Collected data
=-=-=

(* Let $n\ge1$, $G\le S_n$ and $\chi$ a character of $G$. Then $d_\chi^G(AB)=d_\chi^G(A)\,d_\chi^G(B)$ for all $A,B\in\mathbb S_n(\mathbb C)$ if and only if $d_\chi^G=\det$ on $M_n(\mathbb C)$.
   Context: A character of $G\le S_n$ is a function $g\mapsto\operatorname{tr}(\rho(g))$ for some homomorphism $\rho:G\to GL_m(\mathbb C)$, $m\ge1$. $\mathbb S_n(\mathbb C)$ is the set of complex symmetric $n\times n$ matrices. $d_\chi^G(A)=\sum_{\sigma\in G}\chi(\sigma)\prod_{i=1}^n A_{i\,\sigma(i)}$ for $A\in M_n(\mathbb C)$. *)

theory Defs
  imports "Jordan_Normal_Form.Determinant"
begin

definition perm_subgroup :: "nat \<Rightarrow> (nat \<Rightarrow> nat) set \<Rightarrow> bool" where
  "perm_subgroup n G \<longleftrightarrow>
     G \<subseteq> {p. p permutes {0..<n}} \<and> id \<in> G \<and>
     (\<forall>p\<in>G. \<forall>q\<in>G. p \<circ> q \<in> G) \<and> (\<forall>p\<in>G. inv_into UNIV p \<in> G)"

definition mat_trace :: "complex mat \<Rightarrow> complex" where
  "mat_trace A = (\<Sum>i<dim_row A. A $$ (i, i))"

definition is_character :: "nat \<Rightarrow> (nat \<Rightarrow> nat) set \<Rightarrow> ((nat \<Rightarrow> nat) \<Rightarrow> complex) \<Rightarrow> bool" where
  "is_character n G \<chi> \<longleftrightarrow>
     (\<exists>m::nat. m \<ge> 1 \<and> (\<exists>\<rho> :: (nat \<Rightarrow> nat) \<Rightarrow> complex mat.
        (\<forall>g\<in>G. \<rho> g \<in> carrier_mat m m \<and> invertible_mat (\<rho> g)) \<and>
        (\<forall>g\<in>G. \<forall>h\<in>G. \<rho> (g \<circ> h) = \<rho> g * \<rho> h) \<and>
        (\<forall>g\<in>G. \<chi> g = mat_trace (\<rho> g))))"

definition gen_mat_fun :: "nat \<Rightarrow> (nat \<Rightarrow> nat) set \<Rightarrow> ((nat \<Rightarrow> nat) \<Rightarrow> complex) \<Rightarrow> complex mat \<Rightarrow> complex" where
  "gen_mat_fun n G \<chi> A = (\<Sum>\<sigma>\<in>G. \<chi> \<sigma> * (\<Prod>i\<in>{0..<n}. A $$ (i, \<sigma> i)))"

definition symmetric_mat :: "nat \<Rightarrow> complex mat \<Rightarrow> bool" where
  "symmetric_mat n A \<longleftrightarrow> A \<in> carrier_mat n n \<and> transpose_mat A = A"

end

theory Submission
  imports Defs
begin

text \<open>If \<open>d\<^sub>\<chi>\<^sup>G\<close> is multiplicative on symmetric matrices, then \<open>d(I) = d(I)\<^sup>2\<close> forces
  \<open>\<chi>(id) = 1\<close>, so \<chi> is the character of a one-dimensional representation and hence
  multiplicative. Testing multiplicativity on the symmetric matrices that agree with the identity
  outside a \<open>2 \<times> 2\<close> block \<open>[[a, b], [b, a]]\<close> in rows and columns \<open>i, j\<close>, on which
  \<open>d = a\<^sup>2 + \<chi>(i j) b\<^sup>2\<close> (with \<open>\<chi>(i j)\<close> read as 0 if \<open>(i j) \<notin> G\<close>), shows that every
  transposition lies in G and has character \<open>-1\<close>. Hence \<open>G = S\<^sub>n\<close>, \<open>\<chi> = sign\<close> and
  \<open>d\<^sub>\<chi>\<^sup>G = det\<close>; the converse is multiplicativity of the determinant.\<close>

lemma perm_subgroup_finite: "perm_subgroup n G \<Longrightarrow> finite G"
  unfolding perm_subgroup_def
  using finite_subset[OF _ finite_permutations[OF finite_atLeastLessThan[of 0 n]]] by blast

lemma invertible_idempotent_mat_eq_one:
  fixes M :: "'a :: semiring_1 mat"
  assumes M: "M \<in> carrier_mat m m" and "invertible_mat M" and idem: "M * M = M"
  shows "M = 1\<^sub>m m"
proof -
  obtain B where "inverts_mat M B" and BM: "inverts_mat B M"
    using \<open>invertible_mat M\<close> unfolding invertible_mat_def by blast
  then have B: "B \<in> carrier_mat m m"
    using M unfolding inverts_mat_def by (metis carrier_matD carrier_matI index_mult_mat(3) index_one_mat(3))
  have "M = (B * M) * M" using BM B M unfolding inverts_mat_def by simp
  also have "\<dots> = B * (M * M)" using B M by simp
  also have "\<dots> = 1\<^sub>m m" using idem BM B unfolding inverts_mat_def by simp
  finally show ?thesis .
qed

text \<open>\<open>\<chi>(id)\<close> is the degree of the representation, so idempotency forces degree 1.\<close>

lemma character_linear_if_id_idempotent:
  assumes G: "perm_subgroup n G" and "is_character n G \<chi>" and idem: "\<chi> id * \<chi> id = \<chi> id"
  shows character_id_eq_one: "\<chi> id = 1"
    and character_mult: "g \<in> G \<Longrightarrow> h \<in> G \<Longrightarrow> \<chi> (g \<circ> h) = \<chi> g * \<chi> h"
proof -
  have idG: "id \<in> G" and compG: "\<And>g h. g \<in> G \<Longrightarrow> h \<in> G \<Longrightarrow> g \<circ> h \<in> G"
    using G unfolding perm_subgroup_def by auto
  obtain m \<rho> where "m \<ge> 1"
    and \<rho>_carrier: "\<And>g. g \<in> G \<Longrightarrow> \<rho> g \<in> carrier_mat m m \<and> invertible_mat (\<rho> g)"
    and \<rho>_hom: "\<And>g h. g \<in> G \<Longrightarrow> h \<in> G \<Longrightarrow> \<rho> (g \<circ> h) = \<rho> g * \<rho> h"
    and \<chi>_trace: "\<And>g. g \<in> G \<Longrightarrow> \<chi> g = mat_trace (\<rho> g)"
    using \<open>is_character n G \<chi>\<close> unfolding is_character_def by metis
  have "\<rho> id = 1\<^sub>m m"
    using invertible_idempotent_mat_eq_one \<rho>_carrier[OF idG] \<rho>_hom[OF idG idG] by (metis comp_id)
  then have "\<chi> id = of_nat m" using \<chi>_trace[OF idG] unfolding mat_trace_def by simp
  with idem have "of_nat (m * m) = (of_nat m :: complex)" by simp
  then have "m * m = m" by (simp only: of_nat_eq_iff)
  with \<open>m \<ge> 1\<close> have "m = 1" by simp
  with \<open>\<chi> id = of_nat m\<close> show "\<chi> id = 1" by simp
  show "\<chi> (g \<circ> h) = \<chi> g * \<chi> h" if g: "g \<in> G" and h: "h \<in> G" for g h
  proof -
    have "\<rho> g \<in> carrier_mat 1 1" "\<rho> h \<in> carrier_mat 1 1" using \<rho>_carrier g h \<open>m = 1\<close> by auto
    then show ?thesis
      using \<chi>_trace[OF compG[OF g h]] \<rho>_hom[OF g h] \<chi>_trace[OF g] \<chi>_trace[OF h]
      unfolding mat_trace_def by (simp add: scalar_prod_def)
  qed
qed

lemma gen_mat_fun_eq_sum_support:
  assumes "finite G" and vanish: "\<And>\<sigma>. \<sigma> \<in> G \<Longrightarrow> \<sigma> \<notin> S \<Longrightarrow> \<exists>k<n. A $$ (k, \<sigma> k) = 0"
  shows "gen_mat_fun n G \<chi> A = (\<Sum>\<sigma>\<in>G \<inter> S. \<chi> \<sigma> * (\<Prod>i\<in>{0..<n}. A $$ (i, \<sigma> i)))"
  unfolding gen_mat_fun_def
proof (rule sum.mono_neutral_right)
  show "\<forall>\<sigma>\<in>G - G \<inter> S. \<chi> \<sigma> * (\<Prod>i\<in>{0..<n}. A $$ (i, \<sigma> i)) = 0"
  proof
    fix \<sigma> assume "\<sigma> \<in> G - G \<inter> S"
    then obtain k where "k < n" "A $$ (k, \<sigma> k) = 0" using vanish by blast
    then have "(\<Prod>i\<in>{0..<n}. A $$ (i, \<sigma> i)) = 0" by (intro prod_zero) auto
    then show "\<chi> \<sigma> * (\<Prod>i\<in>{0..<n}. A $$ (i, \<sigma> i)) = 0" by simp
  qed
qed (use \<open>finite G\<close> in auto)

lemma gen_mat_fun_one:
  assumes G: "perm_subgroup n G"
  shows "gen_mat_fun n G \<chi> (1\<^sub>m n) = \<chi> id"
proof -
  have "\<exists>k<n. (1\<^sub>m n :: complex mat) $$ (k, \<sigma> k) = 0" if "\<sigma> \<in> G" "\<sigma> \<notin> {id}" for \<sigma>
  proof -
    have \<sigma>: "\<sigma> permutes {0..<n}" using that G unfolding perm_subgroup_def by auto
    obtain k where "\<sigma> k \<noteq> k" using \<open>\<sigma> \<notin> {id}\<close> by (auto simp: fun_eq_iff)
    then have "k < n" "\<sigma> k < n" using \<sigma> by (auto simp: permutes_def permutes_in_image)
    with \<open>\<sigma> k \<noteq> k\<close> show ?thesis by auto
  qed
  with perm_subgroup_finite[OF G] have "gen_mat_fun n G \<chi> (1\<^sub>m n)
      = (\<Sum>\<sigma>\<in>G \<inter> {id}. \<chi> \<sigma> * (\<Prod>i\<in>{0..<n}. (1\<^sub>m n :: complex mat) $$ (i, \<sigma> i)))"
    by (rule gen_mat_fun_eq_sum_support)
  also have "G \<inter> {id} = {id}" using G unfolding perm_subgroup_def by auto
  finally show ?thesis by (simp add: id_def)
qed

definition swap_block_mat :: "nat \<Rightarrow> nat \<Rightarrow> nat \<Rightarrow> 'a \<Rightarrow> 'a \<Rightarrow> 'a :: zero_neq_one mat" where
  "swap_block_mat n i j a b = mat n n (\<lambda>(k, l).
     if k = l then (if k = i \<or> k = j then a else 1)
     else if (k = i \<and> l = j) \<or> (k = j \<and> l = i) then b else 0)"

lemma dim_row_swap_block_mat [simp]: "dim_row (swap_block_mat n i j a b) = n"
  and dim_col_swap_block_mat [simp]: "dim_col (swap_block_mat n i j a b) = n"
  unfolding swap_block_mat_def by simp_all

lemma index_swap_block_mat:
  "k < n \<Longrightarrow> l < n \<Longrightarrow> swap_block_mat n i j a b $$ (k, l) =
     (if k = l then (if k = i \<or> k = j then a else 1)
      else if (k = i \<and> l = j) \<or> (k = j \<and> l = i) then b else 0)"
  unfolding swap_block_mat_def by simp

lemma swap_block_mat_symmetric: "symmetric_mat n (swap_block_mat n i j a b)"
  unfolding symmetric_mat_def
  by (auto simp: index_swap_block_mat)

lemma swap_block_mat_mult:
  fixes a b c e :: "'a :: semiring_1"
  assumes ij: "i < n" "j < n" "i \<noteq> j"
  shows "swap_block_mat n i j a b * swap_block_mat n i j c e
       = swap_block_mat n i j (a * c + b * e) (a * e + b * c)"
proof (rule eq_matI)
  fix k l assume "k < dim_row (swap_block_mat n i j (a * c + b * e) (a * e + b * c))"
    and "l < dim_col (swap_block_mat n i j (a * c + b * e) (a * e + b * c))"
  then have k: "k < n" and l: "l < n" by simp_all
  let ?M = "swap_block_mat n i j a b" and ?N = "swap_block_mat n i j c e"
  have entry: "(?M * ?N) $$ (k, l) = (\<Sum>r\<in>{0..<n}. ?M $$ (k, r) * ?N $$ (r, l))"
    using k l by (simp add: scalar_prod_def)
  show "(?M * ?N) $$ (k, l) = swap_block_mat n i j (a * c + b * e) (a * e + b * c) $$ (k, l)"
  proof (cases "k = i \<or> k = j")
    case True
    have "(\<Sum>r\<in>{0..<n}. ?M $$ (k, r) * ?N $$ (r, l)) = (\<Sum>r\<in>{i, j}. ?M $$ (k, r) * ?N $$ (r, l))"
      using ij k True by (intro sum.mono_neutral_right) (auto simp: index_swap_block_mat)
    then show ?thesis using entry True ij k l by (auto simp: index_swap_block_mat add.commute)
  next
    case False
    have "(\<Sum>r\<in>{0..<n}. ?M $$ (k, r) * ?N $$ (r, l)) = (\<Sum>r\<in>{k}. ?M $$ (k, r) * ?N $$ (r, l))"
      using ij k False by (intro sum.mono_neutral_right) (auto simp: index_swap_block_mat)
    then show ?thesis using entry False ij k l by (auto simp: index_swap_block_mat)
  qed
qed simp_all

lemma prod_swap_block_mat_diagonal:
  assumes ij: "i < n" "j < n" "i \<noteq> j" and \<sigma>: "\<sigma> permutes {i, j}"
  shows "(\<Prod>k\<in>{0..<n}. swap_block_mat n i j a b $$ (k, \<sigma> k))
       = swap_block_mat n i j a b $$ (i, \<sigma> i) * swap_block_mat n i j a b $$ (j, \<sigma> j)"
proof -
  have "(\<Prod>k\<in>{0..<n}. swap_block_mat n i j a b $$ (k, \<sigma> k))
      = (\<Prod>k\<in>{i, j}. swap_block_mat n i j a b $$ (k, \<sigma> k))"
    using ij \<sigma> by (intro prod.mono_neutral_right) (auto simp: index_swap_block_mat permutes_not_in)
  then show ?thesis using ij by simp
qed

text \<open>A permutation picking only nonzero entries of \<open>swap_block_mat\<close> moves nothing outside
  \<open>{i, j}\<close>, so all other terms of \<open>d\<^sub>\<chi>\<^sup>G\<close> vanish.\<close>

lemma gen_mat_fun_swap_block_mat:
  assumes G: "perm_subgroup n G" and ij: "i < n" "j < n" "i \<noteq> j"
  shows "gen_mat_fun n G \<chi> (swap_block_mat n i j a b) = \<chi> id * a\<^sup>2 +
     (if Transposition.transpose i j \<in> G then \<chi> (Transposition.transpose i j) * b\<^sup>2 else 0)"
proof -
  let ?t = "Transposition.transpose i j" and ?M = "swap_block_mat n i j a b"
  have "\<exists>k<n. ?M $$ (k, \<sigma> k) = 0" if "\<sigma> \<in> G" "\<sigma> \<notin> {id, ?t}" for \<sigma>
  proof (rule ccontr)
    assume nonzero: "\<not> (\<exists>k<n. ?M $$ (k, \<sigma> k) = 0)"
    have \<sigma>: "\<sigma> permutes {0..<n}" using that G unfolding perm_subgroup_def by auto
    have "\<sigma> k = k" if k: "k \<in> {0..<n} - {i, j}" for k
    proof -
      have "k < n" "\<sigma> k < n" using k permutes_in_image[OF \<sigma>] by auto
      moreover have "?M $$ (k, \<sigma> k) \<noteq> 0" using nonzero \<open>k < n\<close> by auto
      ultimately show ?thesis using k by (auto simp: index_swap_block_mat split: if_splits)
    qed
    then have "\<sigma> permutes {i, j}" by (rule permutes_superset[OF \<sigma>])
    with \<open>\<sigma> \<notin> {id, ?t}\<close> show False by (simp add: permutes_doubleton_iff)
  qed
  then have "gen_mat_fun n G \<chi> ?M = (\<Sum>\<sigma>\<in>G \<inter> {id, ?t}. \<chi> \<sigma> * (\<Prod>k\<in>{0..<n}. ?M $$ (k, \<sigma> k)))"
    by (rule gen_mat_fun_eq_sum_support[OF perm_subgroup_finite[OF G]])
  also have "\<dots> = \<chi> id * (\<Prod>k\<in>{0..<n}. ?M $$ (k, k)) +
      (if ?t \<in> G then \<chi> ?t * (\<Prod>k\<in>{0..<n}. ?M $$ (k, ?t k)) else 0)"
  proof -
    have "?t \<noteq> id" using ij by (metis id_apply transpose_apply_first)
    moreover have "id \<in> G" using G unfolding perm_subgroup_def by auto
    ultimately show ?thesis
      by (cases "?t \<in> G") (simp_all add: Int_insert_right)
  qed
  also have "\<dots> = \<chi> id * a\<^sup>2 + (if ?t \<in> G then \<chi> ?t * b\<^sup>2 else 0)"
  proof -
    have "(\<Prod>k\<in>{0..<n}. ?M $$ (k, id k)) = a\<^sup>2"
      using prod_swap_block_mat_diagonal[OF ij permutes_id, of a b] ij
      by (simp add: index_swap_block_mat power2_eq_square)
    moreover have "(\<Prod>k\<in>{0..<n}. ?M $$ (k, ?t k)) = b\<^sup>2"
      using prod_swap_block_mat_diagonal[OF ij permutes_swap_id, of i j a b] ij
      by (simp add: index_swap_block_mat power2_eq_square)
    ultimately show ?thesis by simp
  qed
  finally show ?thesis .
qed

=-=-=

-- Your task --
Go through the records from the first line and copy each one exactly, ending after the line that contains "A = (\<Sum>\<sigma>\<in>G.". Give nothing else.

-- Exercise answer --
(* Let $n\ge1$, $G\le S_n$ and $\chi$ a character of $G$. Then $d_\chi^G(AB)=d_\chi^G(A)\,d_\chi^G(B)$ for all $A,B\in\mathbb S_n(\mathbb C)$ if and only if $d_\chi^G=\det$ on $M_n(\mathbb C)$.
   Context: A character of $G\le S_n$ is a function $g\mapsto\operatorname{tr}(\rho(g))$ for some homomorphism $\rho:G\to GL_m(\mathbb C)$, $m\ge1$. $\mathbb S_n(\mathbb C)$ is the set of complex symmetric $n\times n$ matrices. $d_\chi^G(A)=\sum_{\sigma\in G}\chi(\sigma)\prod_{i=1}^n A_{i\,\sigma(i)}$ for $A\in M_n(\mathbb C)$. *)

theory Defs
  imports "Jordan_Normal_Form.Determinant"
begin

definition perm_subgroup :: "nat \<Rightarrow> (nat \<Rightarrow> nat) set \<Rightarrow> bool" where
  "perm_subgroup n G \<longleftrightarrow>
     G \<subseteq> {p. p permutes {0..<n}} \<and> id \<in> G \<and>
     (\<forall>p\<in>G. \<forall>q\<in>G. p \<circ> q \<in> G) \<and> (\<forall>p\<in>G. inv_into UNIV p \<in> G)"

definition mat_trace :: "complex mat \<Rightarrow> complex" where
  "mat_trace A = (\<Sum>i<dim_row A. A $$ (i, i))"

definition is_character :: "nat \<Rightarrow> (nat \<Rightarrow> nat) set \<Rightarrow> ((nat \<Rightarrow> nat) \<Rightarrow> complex) \<Rightarrow> bool" where
  "is_character n G \<chi> \<longleftrightarrow>
     (\<exists>m::nat. m \<ge> 1 \<and> (\<exists>\<rho> :: (nat \<Rightarrow> nat) \<Rightarrow> complex mat.
        (\<forall>g\<in>G. \<rho> g \<in> carrier_mat m m \<and> invertible_mat (\<rho> g)) \<and>
        (\<forall>g\<in>G. \<forall>h\<in>G. \<rho> (g \<circ> h) = \<rho> g * \<rho> h) \<and>
        (\<forall>g\<in>G. \<chi> g = mat_trace (\<rho> g))))"

definition gen_mat_fun :: "nat \<Rightarrow> (nat \<Rightarrow> nat) set \<Rightarrow> ((nat \<Rightarrow> nat) \<Rightarrow> complex) \<Rightarrow> complex mat \<Rightarrow> complex" where
  "gen_mat_fun n G \<chi> A = (\<Sum>\<sigma>\<in>G. \<chi> \<sigma> * (\<Prod>i\<in>{0..<n}. A $$ (i, \<sigma> i)))"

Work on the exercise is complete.